How much information in the Bach C-major Prelude? As a set of patterns, in time and frequency, it can be analyzed, traced, and understood, but only up to a point. In music, as in poetry, as in any art, perfect understanding is meant to remain elusive. If one could find the bottom it would be a bore.

In a way, then, the use of minimal program size to define complexity seems perfect—a fitting apogee for Shannon information theory. In another way it remains deeply unsatisfying. This is particularly so when turning to the big questions—one might say, the human questions—of art, of biology, of intelligence.

According to this measure, a million zeroes and a million coin tosses lie at opposite ends of the spectrum. The empty string is as simple as can be; the random string is maximally complex. The zeroes convey no information; coin tosses produce the most information possible. Yet these extremes have something in common. They are dull. They have no value. If either one were a message from another galaxy, we would attribute no intelligence to the sender. If they were music, they would be equally worthless.

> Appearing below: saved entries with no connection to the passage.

lemma cong_binom_sum_pCons:
  assumes "q * u = c" "q \<noteq> 0"
  shows "c * cong_binom_sum q n r (poly (pCons a g))
           = a * c * cong_binom_sum q n r (\<lambda>_. 1)
             - u * int n * cong_binom_sum q (n - 1) (r - 1) (poly g) - u * r * cong_binom_sum q n r (poly g)"
proof -
  have "poly (pCons a g) = (\<lambda>x. a * 1 + x * poly g x)"
    by (simp add: fun_eq_iff)
  then have "cong_binom_sum q n r (poly (pCons a g))
      = a * cong_binom_sum q n r (\<lambda>_. 1) + cong_binom_sum q n r (\<lambda>x. x * poly g x)"
    by (simp only: cong_binom_sum_add cong_binom_sum_cmult)
  then have "c * cong_binom_sum q n r (poly (pCons a g))
      = a * c * cong_binom_sum q n r (\<lambda>_. 1) + u * (q * cong_binom_sum q n r (\<lambda>x. x * poly g x))"
    by (simp add: algebra_simps flip: assms(1))
  then show ?thesis
    by (simp add: cong_binom_sum_times_id[OF assms(2)] algebra_simps)
qed
(* Let $W$ be an $\epsilon$-spectral cluster of $G_0$, let $V\subseteq V_0$ be closed in $G_0$, let $G=G_0|V$, and let $S\subseteq V$ be closed in $G$ and dominate $W$. Suppose $v\in S$ has $d_G(v)>0$ and at least $\frac59 d_G(v)$ of its $G$-neighbors in $V\setminus S$. Then $S\setminus\{v\}$ is closed in $G$ and dominates $W$. Consequently, performing any sequence of such moves (local improvements of $V\setminus S$) preserves that $S$ is closed in $G$ and dominates $W$.
   Context: Standing setting: $G_0=(V_0,E_0)$ is a finite simple undirected graph and $0<\epsilon\le 1/2000000$. For a graph $H$, $d_H(v)$ is the degree, $\mathrm{vol}_H(S)=\sum_{v\in S}d_H(v)$, $E(S,T)$ is the set of edges with one endpoint in $S$ and the other in $T$, $\partial_H S=E(S,V(H)\setminus S)$. For $V\subseteq V_0$, $G_0|V$ is the induced subgraph. An $\epsilon$-spectral cluster of $G_0$ is $W\subseteq V_0$ with $\mathrm{vol}_{G_0}(W)>0$, $|\partial_{G_0}W|\le\epsilon\,\mathrm{vol}_{G_0}(W)$, and for every $A\subseteq W$ with $r=\mathrm{vol}_{G_0}(A)/\mathrm{vol}_{G_0}(W)$, $|E(A,W\setminus A)|\ge(r(1-r)-\epsilon)\mathrm{vol}_{G_0}(W)$. A set $A\subseteq V(H)$ is closed in $H$ if no $v\in V(H)\setminus A$ with $d_H(v)>0$ has at least $\frac59 d_H(v)$ of its $H$-neighbors in $A$. A set $A\subseteq V_0$ dominates $W$ if $\mathrm{vol}_{G_0}(W\cap A)>(1-3\epsilon)\mathrm{vol}_{G_0}(W)$. *)

theory Defs
  imports Complex_Main
begin

text \<open>Induced subgraphs G0|U are represented by the vertex set U (edges: those of Adj
with both endpoints in U).\<close>

definition simple_graph :: "'a set \<Rightarrow> ('a \<Rightarrow> 'a \<Rightarrow> bool) \<Rightarrow> bool" where
  "simple_graph V0 Adj \<longleftrightarrow> finite V0 \<and> (\<forall>u v. Adj u v \<longrightarrow> Adj v u)
     \<and> (\<forall>u. \<not> Adj u u) \<and> (\<forall>u v. Adj u v \<longrightarrow> u \<in> V0 \<and> v \<in> V0)"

Everything we care about lies somewhere in the middle, where pattern and randomness interlace.

Chaitin and a colleague, Charles H. Bennett, sometimes discussed these matters at IBM’s research center in Yorktown Heights, New York. Over a period of years, Bennett developed a new measure of value, which he called “logical depth.” Bennett’s idea of depth is connected to complexity but orthogonal to it. It is meant to capture the usefulness of a message, whatever usefulness might mean in any particular domain. “From the earliest days of information theory it has been appreciated that information per se is not a good measure of message value,”

he wrote, finally publishing his scheme in 1988.

A typical sequence of coin tosses has high information content but little value; an ephemeris, giving the positions of the moon and planets every day for a hundred years, has no more information than the equations of motion and initial conditions from which it was calculated, but saves its owner the effort of recalculating these positions.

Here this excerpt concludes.